Well of course. You were surprised by this? How long has it been since you used mbox? mbox backs up even faster than mdbox. Why? Larger files and fewer of them. Which means the disks can actually do streaming reads, and don't have to beat their heads to death jumping all over the platters to read maildir files, which are scattered all over the place when created. Which is while maildir is described as a "random" IO workload.
Additonally compressing the mails inside the mdbox and not having Bacula compress them for me reduce the backup time further (and speeding up the access through IMAP and POP3).
Again, no surprise here. When files exist on disk already compressed it takes less IO bandwidth to read the file data for a given actual file size. So if you have say 10MB files that compress down to 5MB, you can read twice as many files when the pipe is saturated, twice as much file data.
So this is the way to go, I think, regardless of which way I implement the backend mail server.
Which is why I asked my questions. :) mdbox would have been one of my recommendations, but you already discovered it.
- Operating system
Debian Linux Lenny, currently with kernel 2.6.39
:) Debian, XFS, Dovecot, FC SAN storage--I like your style. Lenny with 2.6.39? Is that a backport or rolled kernel? Not Squeeze? Interesting. I'm running Squeeze with rolled vanilla 2.6.38.6. It's been about 6 months so it's 'bout time I roll a new one. :)
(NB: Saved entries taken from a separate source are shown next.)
(* Let $I=\langle N,M,V\rangle$ be an ordered instance of chores and let $B\subseteq M$ be a bundle with $v_i(B)\ge\mu_i$ for some agent $i\in N$. If every agent $i'\in N\setminus\{i\}$ has an MMS partition containing a bundle $B_{i'}$ with $B\succeq B_{i'}$, then allocating $B$ to $i$ is a valid reduction.
   Context: An instance of chores $I=\langle N,M,V\rangle$ has agents $N=\{1,\dots,n\}$, chores $M=\{1,\dots,m\}$ and additive valuations $v_i$ with $v_i(\emptyset)=0$, $v_i(S)=\sum_{g\in S}v_i(\{g\})$ and $v_{ij}:=v_i(\{j\})\le 0$. It is ordered if $v_{ij}\le v_{i(j+1)}$ for all $i$ and $1\le j<m$. An allocation ($n$-partition) is an ordered $n$-tuple of pairwise disjoint, possibly empty subsets of $M$ with union $M$. The maximin share of $i$ in $I$ is $\mu_i=\mu_i^I=\max_A\min_j v_i(A_j)$ over all allocations; an MMS partition of $i$ is an allocation $A$ with $v_i(A_j)\ge\mu_i$ for all $j$. For $B,B'\subseteq M$, $B\succeq B'$ means there is an injective map $f:B'\to B$ with $f(j)\le j$ for all $j\in B'$. Removing agents $N'\subseteq N$ and items $M'\subseteq M$ is a valid reduction if the items of $M'$ can be allocated to the agents of $N'$ so that each $i'\in N'$ receives a bundle $B_{i'}$ with $v_{i'}(B_{i'})\ge\mu_{i'}^I$, and every $i\in N\setminus N'$ satisfies $\mu_i^{I'}\ge\mu_i^I$, where $I'=\langle N\setminus N', M\setminus M', V\rangle$ (valuations restricted, maximin share computed with $|N\setminus N'|$ bundles). "Allocating $B$ to $i$ is a valid reduction" means this holds with $N'=\{i\}$, $M'=B$. *)

theory Defs
  imports Complex_Main
begin

(* Agents are 1..n, chores are 1..m; v i j is the (nonpositive) value of chore j for agent i. *)

definition bval :: "(nat \<Rightarrow> nat \<Rightarrow> real) \<Rightarrow> nat \<Rightarrow> nat set \<Rightarrow> real" where
  "bval v i S = (\<Sum>g\<in>S. v i g)"

(* A is a k-partition (allocation) of the item set S, bundles indexed by 1..k, possibly empty *)
definition is_alloc :: "nat \<Rightarrow> nat set \<Rightarrow> (nat \<Rightarrow> nat set) \<Rightarrow> bool" where
  "is_alloc k S A \<longleftrightarrow>
     (\<forall>j\<in>{1..k}. \<forall>j'\<in>{1..k}. j \<noteq> j' \<longrightarrow> A j \<inter> A j' = {}) \<and>
     (\<Union>j\<in>{1..k}. A j) = S"

definition mms :: "(nat \<Rightarrow> nat \<Rightarrow> real) \<Rightarrow> nat \<Rightarrow> nat \<Rightarrow> nat set \<Rightarrow> real" where
  "mms v i k S = Max {Min ((\<lambda>j. bval v i (A j)) ` {1..k}) | A. is_alloc k S A}"

definition mms_partition :: "(nat \<Rightarrow> nat \<Rightarrow> real) \<Rightarrow> nat \<Rightarrow> nat \<Rightarrow> nat set \<Rightarrow> (nat \<Rightarrow> nat set) \<Rightarrow> bool" where
  "mms_partition v i k S A \<longleftrightarrow> is_alloc k S A \<and> (\<forall>j\<in>{1..k}. bval v i (A j) \<ge> mms v i k S)"

definition dominates :: "nat set \<Rightarrow> nat set \<Rightarrow> bool" where
  "dominates B B' \<longleftrightarrow> (\<exists>f. inj_on f B' \<and> f ` B' \<subseteq> B \<and> (\<forall>j\<in>B'. f j \<le> j))"

definition ordered_instance :: "nat \<Rightarrow> nat \<Rightarrow> (nat \<Rightarrow> nat \<Rightarrow> real) \<Rightarrow> bool" where
  "ordered_instance n m v \<longleftrightarrow>
     (\<forall>i\<in>{1..n}. \<forall>j\<in>{1..m}. v i j \<le> 0) \<and>
     (\<forall>i\<in>{1..n}. \<forall>j. 1 \<le> j \<and> j < m \<longrightarrow> v i j \<le> v i (j + 1))"

definition valid_single_reduction :: "nat \<Rightarrow> nat \<Rightarrow> (nat \<Rightarrow> nat \<Rightarrow> real) \<Rightarrow> nat \<Rightarrow> nat set \<Rightarrow> bool" where
  "valid_single_reduction n m v i B \<longleftrightarrow>
     bval v i B \<ge> mms v i n {1..m} \<and>
     (\<forall>i'\<in>{1..n} - {i}. mms v i' (n - 1) ({1..m} - B) \<ge> mms v i' n {1..m})"

end

theory Submission
  imports Defs "HOL-Library.Disjoint_Sets"
begin

text \<open>
  Fix an agent i' other than i, an MMS partition A of i' and a bundle A j with B \<succeq> A j.
  Cancelling the common items, there is an injection g from A j - B into B - A j that never
  moves an item to a larger index, hence never to a more costly chore. Drop the bundle A j,
  remove the items of B from the other bundles, and put each x in A j - B into the bundle that
  contained g x. Every remaining bundle loses at least the chores g x and gains the chores x,
  which are no more costly, so its value stays at least the MMS of i'. This gives an
  (n - 1)-partition of the remaining items witnessing that the MMS of i' does not decrease.
\<close>

lemma dominates_remove_common:
  assumes "dominates B S" "b \<in> S" "b \<in> B"
  shows "dominates (B - {b}) (S - {b})"
proof -
  obtain f where f: "inj_on f S" "f ` S \<subseteq> B" "\<forall>x\<in>S. f x \<le> x"
    using assms(1) unfolding dominates_def by blast
  define f' where "f' x = (if f x = b then f b else f x)" for x
  have fx_ne_fb: "f x \<noteq> f b" if "x \<in> S - {b}" for x
    using f(1) assms(2) that by (auto dest: inj_onD)
  have "inj_on f' (S - {b})"
    using f(1) assms(2) unfolding f'_def inj_on_def by (metis DiffE insertI1)
  moreover have "f' x \<in> B - {b} \<and> f' x \<le> x" if x: "x \<in> S - {b}" for x
  proof (cases "f x = b")
    case True
    then have "f' x = f b" by (simp add: f'_def)
    moreover have "f b \<noteq> b" using True fx_ne_fb[OF x] by simp
    moreover have "f b \<le> x" using f(3) assms(2) x True by (metis DiffD1 le_trans)
    ultimately show ?thesis using f(2) assms(2) by auto
  next
    case False
    then have "f' x = f x" using fx_ne_fb[OF x] by (simp add: f'_def)
    then show ?thesis using f(2,3) x False by auto
  qed
  ultimately show ?thesis unfolding dominates_def by blast
qed

lemma dominates_diff:
  assumes "finite S" "dominates B S"
  shows "dominates (B - S) (S - B)"
proof -
  have "finite (S \<inter> B)"
    using assms(1) by simp
  have "dominates (B - T) (S - T)" if "T \<subseteq> S \<inter> B" for T
    using finite_subset[OF that \<open>finite (S \<inter> B)\<close>] that
  proof (induction T rule: finite_induct)
    case empty
    then show ?case using assms(2) by simp
  next
    case (insert b T)
    then have "dominates ((B - T) - {b}) ((S - T) - {b})"
      by (intro dominates_remove_common) auto
    then show ?case by (metis Diff_insert)
  qed
  from this[of "S \<inter> B"] show ?thesis
    by (simp add: Diff_Int)
qed

lemma sum_le_exchange:
  fixes w :: "'a \<Rightarrow> 'b::ordered_ab_group_add"
  assumes "finite P" "finite X" "P \<inter> X = {}" "\<forall>x\<in>P. w x \<le> 0"
    and "inj_on g X" "g ` X \<subseteq> P \<inter> B" "\<forall>x\<in>X. w (g x) \<le> w x"
  shows "sum w P \<le> sum w ((P - B) \<union> X)"
proof -
  have "sum w (P \<inter> B) = sum w (P \<inter> B - g ` X) + sum w (g ` X)"
    using assms(1,6) by (intro sum.subset_diff) auto
  also have "\<dots> \<le> sum w (g ` X)"
    using assms(4) sum_nonpos[of "P \<inter> B - g ` X" w] by simp
  also have "\<dots> = sum (w \<circ> g) X"
    using assms(5) by (rule sum.reindex)
  also have "\<dots> \<le> sum w X"
    using assms(7) by (intro sum_mono) simp
  finally have "sum w (P \<inter> B) \<le> sum w X" .
  moreover have "sum w P = sum w (P - B) + sum w (P \<inter> B)"
    using sum.Int_Diff[OF assms(1), of w B] by (simp add: add.commute)
  moreover have "sum w ((P - B) \<union> X) = sum w (P - B) + sum w X"
    using assms(1-3) by (intro sum.union_disjoint) auto
  ultimately show ?thesis by (simp add: add_left_mono)
qed

lemma finite_alloc_min_values:
  assumes "finite S" "k \<ge> 1"
  shows "finite {Min ((\<lambda>j. bval v i (A j)) ` {1..k}) | A. is_alloc k S A}"
proof (rule finite_subset)
  show "{Min ((\<lambda>j. bval v i (A j)) ` {1..k}) | A. is_alloc k S A} \<subseteq> bval v i ` Pow S"
  proof safe
    fix A assume A: "is_alloc k S A"
    have "Min ((\<lambda>j. bval v i (A j)) ` {1..k}) \<in> (\<lambda>j. bval v i (A j)) ` {1..k}"
      using assms(2) by (intro Min_in) auto
    moreover have "A j \<in> Pow S" if "j \<in> {1..k}" for j
      using A that unfolding is_alloc_def by blast
    ultimately show "Min ((\<lambda>j. bval v i (A j)) ` {1..k}) \<in> bval v i ` Pow S"
      by blast
  qed
  show "finite (bval v i ` Pow S)"
    using assms(1) by simp
qed

lemma mms_geI:
  assumes "finite S" "finite K" "card K = k" "k \<ge> 1"
    and "disjoint_family_on D K" "(\<Union>l\<in>K. D l) = S" "\<forall>l\<in>K. mu \<le> bval v i (D l)"
  shows "mu \<le> mms v i k S"
proof -
  obtain h where h: "bij_betw h {1..k} K"
    using ex_bij_betw_nat_finite_1[OF assms(2)] assms(3) by blast
  have "is_alloc k S (D \<circ> h)"
    unfolding is_alloc_def
  proof (intro conjI ballI impI)
    fix l l' assume "l \<in> {1..k}" "l' \<in> {1..k}" "l \<noteq> l'"
    then have "h l \<noteq> h l'" "h l \<in> K" "h l' \<in> K"
      using h unfolding bij_betw_def by (auto dest: inj_onD)
    then show "(D \<circ> h) l \<inter> (D \<circ> h) l' = {}"
      using assms(5) unfolding disjoint_family_on_def by simp
  next
    show "(\<Union>l\<in>{1..k}. (D \<circ> h) l) = S"
      using assms(6) bij_betw_imp_surj_on[OF h] by (metis image_comp)
  qed
  moreover have "mu \<le> Min ((\<lambda>l. bval v i ((D \<circ> h) l)) ` {1..k})"
    using assms(4,7) bij_betw_apply[OF h] by (subst Min_ge_iff) auto
  ultimately show ?thesis
    unfolding mms_def by (blast intro: order.trans Max_ge finite_alloc_min_values[OF assms(1,4)])
qed

lemma ordered_instance_mono:
  assumes "ordered_instance n m v" "i \<in> {1..n}" "a \<in> {1..m}" "b \<in> {1..m}" "a \<le> b"
  shows "v i a \<le> v i b"
  using assms(5,4)
proof (induction b rule: dec_induct)
  case (step c)
  then have "v i a \<le> v i c" "v i c \<le> v i (c + 1)"
    using assms(1-3) unfolding ordered_instance_def by auto
  then show ?case by simp
qed simp

lemma redistribute_bundle_partition:
  assumes A: "is_alloc n M A" and j: "j \<in> {1..n}" and B: "B \<subseteq> M"
    and g: "g ` (A j - B) \<subseteq> B - A j"
  defines "C l \<equiv> (A l - B) \<union> {x \<in> A j - B. g x \<in> A l}"
  shows "disjoint_family_on C ({1..n} - {j})" "(\<Union>l\<in>{1..n} - {j}. C l) = M - B"
proof -
  have A_disj: "A l \<inter> A l' = {}" if "l \<in> {1..n}" "l' \<in> {1..n}" "l \<noteq> l'" for l l'
    using A that unfolding is_alloc_def by blast
  have A_cover: "(\<Union>l\<in>{1..n}. A l) = M"
    using A unfolding is_alloc_def by blast
  show "disjoint_family_on C ({1..n} - {j})"
  proof (unfold disjoint_family_on_def, intro ballI impI)
    fix l l' assume "l \<in> {1..n} - {j}" "l' \<in> {1..n} - {j}" "l \<noteq> l'"
    then have "A l \<inter> A l' = {}" "A l \<inter> A j = {}" "A l' \<inter> A j = {}"
      using A_disj j by auto
    then show "C l \<inter> C l' = {}"
      unfolding C_def by blast
  qed
  show "(\<Union>l\<in>{1..n} - {j}. C l) = M - B"
  proof
    show "(\<Union>l\<in>{1..n} - {j}. C l) \<subseteq> M - B"
      unfolding C_def using A_cover j by blast
  next
    show "M - B \<subseteq> (\<Union>l\<in>{1..n} - {j}. C l)"
    proof
      fix x assume x: "x \<in> M - B"
      then obtain l0 where l0: "l0 \<in> {1..n}" "x \<in> A l0"
        using A_cover by blast
      show "x \<in> (\<Union>l\<in>{1..n} - {j}. C l)"
      proof (cases "l0 = j")
        case True
        then have "g x \<in> M - A j"
          using g x l0 B by blast
        then obtain l where "l \<in> {1..n} - {j}" "g x \<in> A l"
          using A_cover by blast
        with x l0 True show ?thesis
          unfolding C_def by blast
      next
        case False
        with x l0 show ?thesis
          unfolding C_def by blast
      qed
    qed
  qed
qed

lemma mms_ge_remove_dominating_bundle:
  assumes M: "finite M" and nonpos: "\<forall>a\<in>M. v i a \<le> 0"
    and mono: "\<forall>a\<in>M. \<forall>b\<in>M. a \<le> b \<longrightarrow> v i a \<le> v i b"
    and A: "is_alloc n M A" and bundles: "\<forall>l\<in>{1..n}. mu \<le> bval v i (A l)"
    and j: "j \<in> {1..n}" and n: "n \<ge> 2"
    and B: "B \<subseteq> M" and dom: "dominates B (A j)"
  shows "mu \<le> mms v i (n - 1) (M - B)"
proof -
  have A_sub: "A l \<subseteq> M" if "l \<in> {1..n}" for l
    using A that unfolding is_alloc_def by blast
  have A_disj: "A l \<inter> A j = {}" if "l \<in> {1..n} - {j}" for l
    using A that j unfolding is_alloc_def by blast
  have fin_A: "finite (A l)" if "l \<in> {1..n}" for l
    using A_sub[OF that] M by (rule finite_subset)
  obtain g where g: "inj_on g (A j - B)" "g ` (A j - B) \<subseteq> B - A j" "\<forall>x\<in>A j - B. g x \<le> x"
    using dominates_diff[OF fin_A[OF j] dom] unfolding dominates_def by blast
  define X where "X l = {x \<in> A j - B. g x \<in> A l}" for l
  have X_sub: "X l \<subseteq> A j - B" for l
    unfolding X_def by blast
  have "mu \<le> bval v i ((A l - B) \<union> X l)" if l: "l \<in> {1..n} - {j}" for l
  proof -
    have "bval v i (A l) \<le> bval v i ((A l - B) \<union> X l)"
      unfolding bval_def
    proof (rule sum_le_exchange)
      show "finite (X l)" using finite_subset[OF X_sub] fin_A[OF j] by blast
      show "A l \<inter> X l = {}" using X_sub A_disj[OF l] by blast
      show "inj_on g (X l)" using g(1) X_sub by (rule inj_on_subset)
      show "g ` X l \<subseteq> A l \<inter> B" using g(2) unfolding X_def by blast
      show "\<forall>x\<in>X l. v i (g x) \<le> v i x"
      proof
        fix x assume "x \<in> X l"
        then have "x \<in> A j - B"
          using X_sub by blast
        then have "g x \<in> M" "x \<in> M" "g x \<le> x"
          using g(2,3) A_sub[OF j] B by auto
        then show "v i (g x) \<le> v i x"
          using mono by blast
      qed
    qed (use fin_A l A_sub nonpos in auto)
    then show ?thesis using bundles l by fastforce
  qed
  moreover have "finite ({1..n} - {j})" "card ({1..n} - {j}) = n - 1"
    using j by auto
  ultimately show ?thesis
    using redistribute_bundle_partition[OF A j B g(2)] M n
    unfolding X_def by (intro mms_geI) auto
qed

theorem lemma16:
  fixes n m :: nat and v :: "nat \<Rightarrow> nat \<Rightarrow> real" and i :: nat and B :: "nat set"
  assumes "ordered_instance n m v"
    and "i \<in> {1..n}"
    and "B \<subseteq> {1..m}"
    and "bval v i B \<ge> mms v i n {1..m}"
    and "\<forall>i'\<in>{1..n} - {i}. \<exists>A. mms_partition v i' n {1..m} A \<and>
            (\<exists>j\<in>{1..n}. dominates B (A j))"
  shows "valid_single_reduction n m v i B"
  unfolding valid_single_reduction_def
proof (intro conjI ballI)
  show "bval v i B \<ge> mms v i n {1..m}" by fact
next
  fix i' assume i': "i' \<in> {1..n} - {i}"
  then have "n \<ge> 2" using assms(2) by auto
  obtain A j where "mms_partition v i' n {1..m} A" "j \<in> {1..n}" "dominates B (A j)"
    using assms(5) i' by blast
  moreover have "\<forall>a\<in>{1..m}. v i' a \<le> 0"
    using assms(1) i' unfolding ordered_instance_def by blast
  moreover have "\<forall>a\<in>{1..m}. \<forall>b\<in>{1..m}. a \<le> b \<longrightarrow> v i' a \<le> v i' b"
    using ordered_instance_mono[OF assms(1)] i' by blast
  ultimately show "mms v i' (n - 1) ({1..m} - B) \<ge> mms v i' n {1..m}"
    using \<open>n \<ge> 2\<close> assms(3) unfolding mms_partition_def
    by (intro mms_ge_remove_dominating_bundle) auto
qed

end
Instead of telling us what you think the solution to your unidentified bottleneck is and then asking "yeah or nay", tell us what the problem is and allow us to recommend solutions.
I am not asking for "yay or nay", I just pointed out my idea, but I am open to other suggestions.
I think you've already discovered the best suggestions on your own.
If the general idea is to buy a new big single storage system, I am more than happy to do just this, because this will prevent any problems I might have with a distributed one before they even can occur.
One box is definitely easier to administer and troubleshoot. Though I must say that even though it's more complex, I think the VM architecture I described is worth a serious look. If your current 12x1.5TB SAN array is being retired as well, you could piggy back onto the array(s) feeding the VMware farm, or expand them if necessary/possible. Adding drives is usually much cheaper than buying a new populated array chassis. Given your service contract comments it's unlikely you're the type to build your own servers. Being a hardwarefreak, I nearly always build my servers and storage from scratch. This may be worth a look merely for educational purposes. I just happened to have finished spec'ing out a new high volume 20TB IMAP server recently which should handle 5000 concurrent users without breaking a sweat, for only ~$7500 USD:
Full parts list: http://secure.newegg.com/WishList/PublicWishDetail.aspx?WishListNumber=17069...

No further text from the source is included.